Experiments

Nuclear reactions are produced using high energy primary beams (eg. protons) incident upon target material.  In this picture, an experiment is being prepared requiring fission of natural uranium.  The exotic nuclear reaction products (fission fragments) which are radioactive and therefore short lived, are captured before being accelerated away in the form of a beam of singly charged ions.

In the collinear geometry, the laser beam and fast ion beam interact in a parallel or anti-parallel manner. The fixed energy spread, determined by the ion source or cooler, leads to a forward velocity spread which broadens the optical resonances through the effect of Doppler broadening. Accelerating the ions to high velocities (typically 30 keV) however, reduces the forward velocity spread and increases the spectral resolution, while maintaining efficient spatial overlap.

A new laboratory has recently been constructed at JYFL, Finland, adjacent to the existing experimental set up. This will have its own dedicated 100 microAmp, 30 MeV cyclotron, giving unprecedented beam time to IGISOL experiments - used by the laser spectroscopy and Penning trap mass measurement groups. Work will commence to construct new experimental stations in the new laboratory in the summer of 2010.

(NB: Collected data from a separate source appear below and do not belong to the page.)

text \<open>Each edge through \<open>p\<close> is hit by the \<open>(k-1)!\<close> orderings of its other vertices,
  which cancels the normalisation of the adjacency tensor.\<close>

lemma tensor_apply_adj_tensor:
  assumes "k \<ge> 1" and H: "k_uniform_hypergraph n k E"
  shows "tensor_apply n k (adj_tensor k E) x p = (\<Sum>e\<in>{e\<in>E. p \<in> e}. \<Prod>j\<in>e - {p}. x j)"
proof -
  define L where "L = {is::nat list. length is = k - 1 \<and> set is \<subseteq> {..<n}}"
  have edge: "finite e" "card e = k" "e \<subseteq> {..<n}" if "e \<in> E" for e
    using H that \<open>k \<ge> 1\<close> card_ge_0_finite[of e] by (auto simp: k_uniform_hypergraph_def)
  have orderings: "{is\<in>L. set (p # is) \<in> E} =
      (\<Union>e\<in>{e\<in>E. p \<in> e}. permutations_of_set (e - {p}))"
  proof (intro equalityI subsetI)
    fix "is" assume "is \<in> {is\<in>L. set (p # is) \<in> E}"
    then have "card (set (p # is)) = length (p # is)" "set (p # is) \<in> E"
      using edge \<open>k \<ge> 1\<close> by (auto simp: L_def)
    with card_distinct have "distinct (p # is)" "set (p # is) \<in> E" by blast+
    then show "is \<in> (\<Union>e\<in>{e\<in>E. p \<in> e}. permutations_of_set (e - {p}))"
      by (auto simp: permutations_of_set_def)
  next
    fix "is" assume "is \<in> (\<Union>e\<in>{e\<in>E. p \<in> e}. permutations_of_set (e - {p}))"
    then obtain e where e: "e \<in> E" "p \<in> e" and "is \<in> permutations_of_set (e - {p})" by auto
    then have "set (p # is) = e" "length is = card (e - {p})"
      by (auto simp: permutations_of_set_def length_finite_permutations_of_set)
    with e edge[OF e(1)] show "is \<in> {is\<in>L. set (p # is) \<in> E}" by (auto simp: L_def)
  qed
  have disjoint: "permutations_of_set (e - {p}) \<inter> permutations_of_set (e' - {p}) = {}"
    if "e \<in> {e\<in>E. p \<in> e}" "e' \<in> {e\<in>E. p \<in> e}" "e \<noteq> e'" for e e'
  proof -
    have "e - {p} \<noteq> e' - {p}" using that by blast
    then show ?thesis by (metis disjoint_iff permutations_of_setD(1))
  qed
  have "tensor_apply n k (adj_tensor k E) x p =
      (\<Sum>is\<in>L. if set (p # is) \<in> E then prod_list (map x is) / fact (k - 1) else 0)"
    unfolding tensor_apply_def L_def[symmetric] by (rule sum.cong) (simp_all add: adj_tensor_def)
  also have "\<dots> = (\<Sum>is\<in>{is\<in>L. set (p # is) \<in> E}. prod_list (map x is) / fact (k - 1))"
    by (rule sum.inter_filter[symmetric]) (simp add: L_def finite_index_lists)
  also have "\<dots> = (\<Sum>e\<in>{e\<in>E. p \<in> e}. \<Sum>is\<in>permutations_of_set (e - {p}). prod_list (map x is) / fact (k - 1))"
    unfolding orderings using disjoint finite_edges[OF H] by (intro sum.UNION_disjoint) auto
  also have "\<dots> = (\<Sum>e\<in>{e\<in>E. p \<in> e}. \<Prod>j\<in>e - {p}. x j)"
  proof (rule sum.cong[OF refl])
    fix e assume e: "e \<in> {e\<in>E. p \<in> e}"
    have "(\<Sum>is\<in>permutations_of_set (e - {p}). prod_list (map x is) / fact (k - 1))
        = (\<Sum>is\<in>permutations_of_set (e - {p}). (\<Prod>j\<in>e - {p}. x j) / fact (k - 1))"
      by (rule sum.cong[OF refl]) (metis permutations_of_setD prod.distinct_set_conv_list)
    also have "\<dots> = (\<Prod>j\<in>e - {p}. x j)"
      using e edge by (simp add: card_permutations_of_set)
    finally show "(\<Sum>is\<in>permutations_of_set (e - {p}). prod_list (map x is) / fact (k - 1))
        = (\<Prod>j\<in>e - {p}. x j)" .
  qed
  finally show ?thesis .
qed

Recently the group has been constructing a new laser spectroscopy station to use at ISOLDE, CERN. A collinear resonance ionization technique will be employed whereby a series of lasers are used to selectively re-ionize a neutralized beam with a multi-step excitation scheme. An optical resonance spectrum can then be efficiently produced by monitoring the ion flux as the laser frequency is scanned with the advantage that the spectrum is essentially background free. This combines the efficiency of resonance ionization spectroscopy with the resolution of the collinear beams method. A bunched beam from the newly installed cooler, ISCOOL, is essential to eliminate duty cycle losses of the high power pulsed lasers.